* **YOUR GOAL**
In the listing below, pick out lines with "blast".

--- START ---

lemma lower_var_less_imp_variance_less:
  assumes X: "gamble X" and W: "lower_var LQ X < W"
  shows "\<exists>P\<in>M. prevision_variance P X < W"
proof -
  have "bdd_below (range (\<lambda>c. LQ (\<lambda>w. (X w - c)\<^sup>2)))"
    unfolding bdd_below_def by (auto intro!: exI[of _ 0] lower_bound gamble_square_diff X)
  then obtain c where "LQ (\<lambda>w. (X w - c)\<^sup>2) < W"
    using W unfolding lower_var_def by (auto simp: cINF_less_iff)
  then obtain P where P: "P \<in> M" and "P (\<lambda>w. (X w - c)\<^sup>2) < W"
    using less_imp_prevision_less[OF gamble_square_diff[OF X]] by blast
  then have "prevision_variance P X < W"
    using prevision_variance_le[OF linear[OF P] X, of c] by linarith
  with P show ?thesis by blast
qed

lemma cantelli_ind_le_upper:
  assumes X: "gamble X" and e: "0 < \<epsilon>"
  shows "LQ (ind_le X (upper LQ X - \<epsilon>)) \<le> upper_var LQ X / (upper_var LQ X + \<epsilon>\<^sup>2)"
proof -
  let ?V = "upper_var LQ X"
  \<comment> \<open>upper LQ X is a supremum over M that need not be attained, hence the limit t \<rightarrow> \<epsilon>\<close>
  have bound: "LQ (ind_le X (upper LQ X - \<epsilon>)) \<le> ?V / (?V + t\<^sup>2)" if t: "0 < t" "t < \<epsilon>" for t
  proof -
    obtain P where P: "P \<in> M" and "upper LQ X - (\<epsilon> - t) < P X"
      using upper_greater_imp_prevision_greater[OF X, of "upper LQ X - (\<epsilon> - t)"] t by auto
    then have "upper LQ X - \<epsilon> + t \<le> P X" by simp
    then have "P (ind_le X (upper LQ X - \<epsilon>)) \<le> ?V / (?V + t\<^sup>2)"
      using prevision_cantelli[OF linear[OF P] X t(1)] prevision_variance_le_upper_var[OF X P] by blast
    then show ?thesis by (rule order_trans[OF le_prevision[OF gamble_ind_le P]])
  qed
  have pos: "0 < ?V + \<epsilon>\<^sup>2" using upper_var_nonneg[OF X] e by (simp add: add_nonneg_pos)
  have "((\<lambda>t. ?V / (?V + t\<^sup>2)) \<longlongrightarrow> ?V / (?V + \<epsilon>\<^sup>2)) (at_left \<epsilon>)"
    using pos by (intro tendsto_intros) auto
  moreover have "\<forall>\<^sub>F t in at_left \<epsilon>. LQ (ind_le X (upper LQ X - \<epsilon>)) \<le> ?V / (?V + t\<^sup>2)"
    using eventually_at_left_real[OF e] by (rule eventually_mono) (auto intro: bound)
  ultimately show ?thesis by (rule tendsto_lowerbound) simp
qed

--- END ---

* **TASK RESULT**
    using less_imp_prevision_less[OF gamble_square_diff[OF X]] by blast
  with P show ?thesis by blast
      using prevision_cantelli[OF linear[OF P] X t(1)] prevision_variance_le_upper_var[OF X P] by blast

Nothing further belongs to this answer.